En tercer lugar, se introduce también un cierto grado de actualización en el régimen de las participaciones hipotecarias. Queda definitivamente claro que mediante la emisión de participaciones hipotecarias se produce una verdadera cesión de la parte del crédito hipotecario que se participa. La entidad de crédito que emite las participaciones hipotecarias traslada la totalidad del riesgo de la parte del crédito que se cede. Se aclara, además, que cada uno de los títulos de participación hipotecaria representa una participación en un crédito particular, no en un grupo de créditos.
En cuarto lugar, se desarrolla el registro contable especial de los préstamos y créditos hipotecarios y activos de sustitución que respaldan las cédulas y bonos hipotecarios, así como de los instrumentos financieros derivados vinculados a ellos. Los objetivos principales de dicho registro consisten en incrementar la seguridad jurídica ante el concurso, garantizar una mayor transparencia sobre la calidad de los títulos y aumentar la eficacia de la supervisión de este mercado. La actualización de este registro será continua, sin que ello implique nunca una retasación continua de inmuebles.
IV
El Capítulo IV del real decreto detalla unas mínimas particularidades del régimen fiscal y financiero de los títulos del mercado financiero estableciéndolos como títulos aptos para la inversión de ciertas entidades con régimen de inversión regulada, así como su tratamiento a efectos del Impuesto sobre Transmisiones Patrimoniales y Actos Jurídicos Documentados.
En el Capítulo V incluye las especificidades de circulación en mercado secundario de los títulos del mercado hipotecario. Destaca en este Capítulo la significativa flexibilización de la posibilidad de operar con valores propios, si bien se han incrementado los requisitos de transparencia a este respecto.

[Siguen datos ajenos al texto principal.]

(* Let $h\colon[0,1/2]\to[0,1]$ be the binary entropy function (in bits), $h^{-1}\colon[0,1]\to[0,1/2]$ its inverse, and $a\ast b=a(1-b)+(1-a)b$. For every $x\in[0,1]$, the function $g_x(t)=h\big(h^{-1}(t)\ast h^{-1}(2x-t)\big)$, defined for $t\in[\max\{0,2x-1\},x]$, is decreasing in $t$. *)

theory Defs
  imports Complex_Main
begin

definition bin_entropy :: "real \<Rightarrow> real" where
  "bin_entropy p = (if p = 0 \<or> p = 1 then 0
      else - p * log 2 p - (1 - p) * log 2 (1 - p))"

definition bin_entropy_inv :: "real \<Rightarrow> real" where
  "bin_entropy_inv t = (THE p. 0 \<le> p \<and> p \<le> 1/2 \<and> bin_entropy p = t)"

definition bconv :: "real \<Rightarrow> real \<Rightarrow> real" where
  "bconv a b = a * (1 - b) + (1 - a) * b"

definition g_fun :: "real \<Rightarrow> real \<Rightarrow> real" where
  "g_fun x t = bin_entropy (bconv (bin_entropy_inv t) (bin_entropy_inv (2 * x - t)))"

end

theory Submission
  imports Defs "HOL-Real_Asymp.Real_Asymp"
begin

(* Write a = 1 - 2p for the bias of a bit with error probability p. Binary convolution
   multiplies biases, so g_x(t) = G(a b) / ln 2, where G is the entropy as a function of
   the bias, a and b are the biases of h^-1(t) and h^-1(2x - t), and G is decreasing on
   [0,1] with G' = -artanh. Moving t towards x keeps G(a) + G(b) = 2x ln 2 fixed and brings
   a and b closer together, so it suffices that the product ab grows. Along the hyperbola
   ab = c the derivative of a \<mapsto> G(a) + G(c/a) is (b artanh b - a artanh a) / a with
   b = c/a, which is nonpositive for b \<le> a because u artanh u is increasing: of two pairs
   with the same entropy sum, the more spread one has the smaller product. *)

(* Entropy in nats of a bit with bias a; the junk value ln 0 = 0 makes it correct at a = \<plusminus>1. *)
definition bias_entropy :: "real \<Rightarrow> real" where
  "bias_entropy a = - ((1 - a) / 2) * ln ((1 - a) / 2) - ((1 + a) / 2) * ln ((1 + a) / 2)"

lemma bin_entropy_eq_bias_entropy: "bin_entropy p = bias_entropy (1 - 2 * p) / ln 2"
  by (auto simp: bin_entropy_def bias_entropy_def log_def diff_divide_distrib)

lemma continuous_on_bias_entropy: "continuous_on {-1..1} bias_entropy"
proof (rule continuous_on_IccI)
  show "(bias_entropy \<longlongrightarrow> bias_entropy (-1)) (at_right (-1))"
    unfolding bias_entropy_def by real_asymp
  show "(bias_entropy \<longlongrightarrow> bias_entropy 1) (at_left 1)"
    unfolding bias_entropy_def by real_asymp
  show "bias_entropy \<midarrow>a\<rightarrow> bias_entropy a" if "-1 < a" "a < 1" for a
    using that unfolding bias_entropy_def by (intro tendsto_intros) auto
qed simp

lemma bias_entropy_has_real_derivative:
  assumes "-1 < a" "a < 1"
  shows "(bias_entropy has_real_derivative - artanh a) (at a)"
proof -
  have "(bias_entropy has_real_derivative (ln ((1 - a) / 2) - ln ((1 + a) / 2)) / 2) (at a)"
    unfolding bias_entropy_def [abs_def] using assms
    by (auto intro!: derivative_eq_intros simp: divide_simps) (simp add: algebra_simps)
  also have "(ln ((1 - a) / 2) - ln ((1 + a) / 2)) / 2 = - artanh a"
    using assms by (simp add: artanh_def ln_div field_simps)
  finally show ?thesis .
qed

lemma artanh_real_mono: "-1 < x \<Longrightarrow> x \<le> y \<Longrightarrow> y < 1 \<Longrightarrow> artanh x \<le> artanh (y :: real)"
  unfolding artanh_def by (simp add: divide_right_mono frac_le)

lemma artanh_real_pos: "0 < x \<Longrightarrow> x < 1 \<Longrightarrow> 0 < artanh (x :: real)"
  unfolding artanh_def by simp

lemma mult_artanh_real_mono:
  "0 \<le> x \<Longrightarrow> x \<le> y \<Longrightarrow> y < 1 \<Longrightarrow> x * artanh x \<le> y * artanh (y :: real)"
  using artanh_real_mono[of 0 x] by (intro mult_mono artanh_real_mono) auto

lemma bias_entropy_strict_antimono:
  assumes "0 \<le> a" "a < b" "b \<le> 1"
  shows "bias_entropy b < bias_entropy a"
proof (rule DERIV_neg_imp_decreasing_open[OF \<open>a < b\<close>])
  fix u assume "a < u" "u < b"
  with assms show "\<exists>d. (bias_entropy has_real_derivative d) (at u) \<and> d < 0"
    by (intro exI[of _ "- artanh u"]) (auto intro: bias_entropy_has_real_derivative artanh_real_pos)
next
  show "continuous_on {a..b} bias_entropy"
    by (rule continuous_on_subset[OF continuous_on_bias_entropy]) (use assms in auto)
qed

lemma bias_entropy_antimono:
  "0 \<le> a \<Longrightarrow> a \<le> b \<Longrightarrow> b \<le> 1 \<Longrightarrow> bias_entropy b \<le> bias_entropy a"
  using bias_entropy_strict_antimono[of a b] by (cases "a = b") auto

lemma bias_entropy_hyperbola_antimono:
  assumes "0 < b" "b \<le> a" "a \<le> a'" "a' \<le> 1"
  shows "bias_entropy a' + bias_entropy (a * b / a') \<le> bias_entropy a + bias_entropy b"
proof -
  define F where "F u = bias_entropy u + bias_entropy (a * b / u)" for u
  have "F a' \<le> F a"
  proof (rule DERIV_nonpos_imp_decreasing_open[OF \<open>a \<le> a'\<close>])
    fix u assume u: "a < u" "u < a'"
    define v where "v = a * b / u"
    have "v < b"
      using u assms by (simp add: v_def pos_divide_less_eq mult.commute mult_strict_right_mono)
    moreover have "0 < v"
      using u assms by (simp add: v_def)
    ultimately have v: "0 < v" "v < u" "u < 1"
      using u assms by auto
    have inner: "((\<lambda>u. a * b / u) has_real_derivative - v / u) (at u)"
      using v by (auto intro!: derivative_eq_intros simp: v_def power2_eq_square)
    have outer: "(bias_entropy has_real_derivative - artanh v) (at (a * b / u))"
      using v by (auto intro: bias_entropy_has_real_derivative simp: v_def[symmetric])
    have "(F has_real_derivative - artanh u + - artanh v * (- v / u)) (at u)"
      unfolding F_def using v
      by (intro DERIV_add DERIV_chain2[OF outer inner] bias_entropy_has_real_derivative) auto
    moreover have "- artanh u + artanh v * (v / u) = (v * artanh v - u * artanh u) / u"
      using v by (simp add: field_simps)
    moreover have "v * artanh v - u * artanh u \<le> 0"
      using mult_artanh_real_mono[of v u] v by simp
    ultimately show "\<exists>d. (F has_real_derivative d) (at u) \<and> d \<le> 0"
      using v by (intro exI[of _ "(v * artanh v - u * artanh u) / u"]) (auto simp: divide_nonpos_pos)
  next
    have "continuous_on {a..a'} (\<lambda>u. a * b / u)"
      using assms by (intro continuous_intros) auto
    moreover have "(\<lambda>u. a * b / u) ` {a..a'} \<subseteq> {-1..1}"
    proof (rule image_subsetI)
      fix u assume "u \<in> {a..a'}"
      moreover have "a * b \<le> u * 1"
        using assms \<open>u \<in> {a..a'}\<close> by (intro mult_mono) auto
      ultimately show "a * b / u \<in> {-1..1}"
        using assms by (auto simp: divide_le_eq intro: order_trans[of _ 0])
    qed
    ultimately show "continuous_on {a..a'} F"
      unfolding F_def using assms
      by (intro continuous_intros continuous_on_subset[OF continuous_on_bias_entropy]
               continuous_on_compose2[OF continuous_on_bias_entropy]) auto
  qed
  then show ?thesis
    using assms by (simp add: F_def)
qed

lemma bias_entropy_sum_eq_imp_product_le:
  assumes "0 \<le> b" "b \<le> b'" "b' \<le> a'" "a' \<le> a" "a \<le> 1"
    and "bias_entropy a + bias_entropy b = bias_entropy a' + bias_entropy b'"
  shows "a * b \<le> a' * b'"
proof (rule ccontr)
  assume "\<not> a * b \<le> a' * b'"
  then have less: "a' * b' < a * b" by simp
  have "0 < b'"
    using less assms by (cases "b' = 0") auto
  have "0 < a"
    using \<open>0 < b'\<close> assms by linarith
  have "a' * b' / a < b"
    using less \<open>0 < a\<close> by (simp add: pos_divide_less_eq mult.commute)
  then have "bias_entropy b < bias_entropy (a' * b' / a)"
    using assms \<open>0 < a\<close> \<open>0 < b'\<close> by (intro bias_entropy_strict_antimono) auto
  moreover have "bias_entropy a + bias_entropy (a' * b' / a) \<le> bias_entropy a' + bias_entropy b'"
    using assms \<open>0 < b'\<close> by (intro bias_entropy_hyperbola_antimono) auto
  ultimately show False
    using assms(6) by linarith
qed

lemma continuous_on_bin_entropy: "continuous_on {0..1} bin_entropy"
proof -
  have "continuous_on {0..1} (\<lambda>p. bias_entropy (1 - 2 * p) / ln 2)"
    by (intro continuous_intros continuous_on_compose2[OF continuous_on_bias_entropy]) auto
  then show ?thesis
    unfolding bin_entropy_eq_bias_entropy [abs_def] .
qed

lemma bin_entropy_strict_mono:
  "0 \<le> p \<Longrightarrow> p < q \<Longrightarrow> q \<le> 1/2 \<Longrightarrow> bin_entropy p < bin_entropy q"
  using bias_entropy_strict_antimono[of "1 - 2 * q" "1 - 2 * p"]
  by (simp add: bin_entropy_eq_bias_entropy divide_strict_right_mono)

lemma bin_entropy_inv:
  assumes "0 \<le> t" "t \<le> 1"
  shows "0 \<le> bin_entropy_inv t" "bin_entropy_inv t \<le> 1/2" "bin_entropy (bin_entropy_inv t) = t"
proof -
  have "continuous_on {0..1/2} bin_entropy"
    by (rule continuous_on_subset[OF continuous_on_bin_entropy]) auto
  moreover have "bin_entropy 0 \<le> t" "t \<le> bin_entropy (1/2)"
    using assms by (simp_all add: bin_entropy_def log_divide)
  ultimately obtain p where p: "0 \<le> p" "p \<le> 1/2" "bin_entropy p = t"
    using IVT'[of bin_entropy 0 t "1/2"] by auto
  have "q = p" if "0 \<le> q \<and> q \<le> 1/2 \<and> bin_entropy q = t" for q
    using bin_entropy_strict_mono[of p q] bin_entropy_strict_mono[of q p] that p
    by (cases p q rule: linorder_cases) auto
  with p have "\<exists>!p. 0 \<le> p \<and> p \<le> 1/2 \<and> bin_entropy p = t"
    by blast
  from theI'[OF this] show "0 \<le> bin_entropy_inv t" "bin_entropy_inv t \<le> 1/2"
      "bin_entropy (bin_entropy_inv t) = t"
    unfolding bin_entropy_inv_def by auto
qed

lemma bin_entropy_inv_mono:
  assumes "0 \<le> s" "s \<le> t" "t \<le> 1"
  shows "bin_entropy_inv s \<le> bin_entropy_inv t"
proof (rule ccontr)
  assume "\<not> ?thesis"
  then have "bin_entropy (bin_entropy_inv t) < bin_entropy (bin_entropy_inv s)"
    using bin_entropy_inv[of s] bin_entropy_inv[of t] assms by (intro bin_entropy_strict_mono) auto
  then show False
    using bin_entropy_inv[of s] bin_entropy_inv[of t] assms by auto
qed

lemma bias_entropy_bias_bin_entropy_inv:
  "0 \<le> t \<Longrightarrow> t \<le> 1 \<Longrightarrow> bias_entropy (1 - 2 * bin_entropy_inv t) = ln 2 * t"
  using bin_entropy_inv(3)[of t] by (simp add: bin_entropy_eq_bias_entropy field_simps)

lemma bias_bconv: "1 - 2 * bconv p q = (1 - 2 * p) * (1 - 2 * q)"
  by (simp add: bconv_def algebra_simps)

lemma g_fun_eq_bias_entropy:
  "g_fun x t = bias_entropy ((1 - 2 * bin_entropy_inv t) * (1 - 2 * bin_entropy_inv (2 * x - t))) / ln 2"
  by (simp add: g_fun_def bin_entropy_eq_bias_entropy bias_bconv)

theorem mainTheorem4:
  fixes x :: real
  assumes "0 \<le> x" and "x \<le> 1"
  shows "antimono_on {max 0 (2 * x - 1) .. x} (g_fun x)"
proof (rule monotone_onI)
  fix s t assume "s \<in> {max 0 (2 * x - 1) .. x}" "t \<in> {max 0 (2 * x - 1) .. x}" "s \<le> t"
  then have range: "0 \<le> s" "s \<le> t" "t \<le> 2 * x - t" "2 * x - t \<le> 2 * x - s" "2 * x - s \<le> 1"
    by auto
  define bias where "bias u = 1 - 2 * bin_entropy_inv u" for u
  have bias_range: "0 \<le> bias u" "bias u \<le> 1" if "0 \<le> u" "u \<le> 1" for u
    using bin_entropy_inv[OF that] by (auto simp: bias_def)
  have bias_antimono: "bias v \<le> bias u" if "0 \<le> u" "u \<le> v" "v \<le> 1" for u v
    using bin_entropy_inv_mono[OF that] by (simp add: bias_def)
  have bias_entropy_bias: "bias_entropy (bias u) = ln 2 * u" if "0 \<le> u" "u \<le> 1" for u
    using bias_entropy_bias_bin_entropy_inv[OF that] by (simp add: bias_def)
  have "bias_entropy (bias s) + bias_entropy (bias (2 * x - s))
      = bias_entropy (bias t) + bias_entropy (bias (2 * x - t))"
    using range by (simp add: bias_entropy_bias algebra_simps)
  then have "bias s * bias (2 * x - s) \<le> bias t * bias (2 * x - t)"
    using range by (intro bias_entropy_sum_eq_imp_product_le bias_range bias_antimono) auto
  then show "g_fun x t \<le> g_fun x s"
    unfolding g_fun_eq_bias_entropy bias_def[symmetric] using range
    by (intro divide_right_mono bias_entropy_antimono mult_nonneg_nonneg mult_le_one bias_range) auto
qed

end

El Capítulo VI contiene el régimen de supervisión del mercado de títulos hipotecarios. Se ha introducido una disposición que, sin cambiar la relación de competencias actuales sobre este mercado del Banco de España y de la Comisión Nacional del Mercado de Valores, explicita su contenido en cada caso, de modo que no pueda producirse ningún solapamiento en este ámbito.
V
En la parte final, las disposiciones adicionales introducen, en primer lugar, una aclaración necesaria y ampliamente demandada acerca del régimen aplicable a los certificados de transmisión de hipoteca regulados por la disposición adicional quinta de la Ley 3/1994, de 14 de abril, por la que se adapta la legislación española en materia de entidades de crédito a la Segunda Directiva de Coordinación Bancaria. Los certificados de transmisión de hipoteca se configuran así como una cesión de crédito al igual que las participaciones hipotecarias pero no entran en la definición estricta de dicho título del mercado hipotecario ya que no tienen garantizada una calidad mínima. En segundo lugar, se realizan algunas aclaraciones necesarias al régimen de la subrogación de préstamos hipotecarios y del derecho a enervar tales subrogaciones, con la finalidad de hacer más eficaz la protección del deudor hipotecario.
La disposición transitoria única pospone determinadas obligaciones de las entidades referidas al Registro contable especial a distintos momentos temporales posteriores a su entrada en vigor.
Por último, la disposición final primera lleva a cabo dos modificaciones en el Real Decreto 775/1997 de 30 de mayo, sobre el Régimen Jurídico de Homologación de los Servicios y Sociedades de Tasación con la finalidad de solucionar problemas prácticos surgidos con su aplicación. Las disposiciones finales segunda, tercera y cuarta contienen, respectivamente, el título competencial conforme al cual se dicta la norma, la habilitación para su desarrollo reglamentario y la fecha para su entrada en vigor.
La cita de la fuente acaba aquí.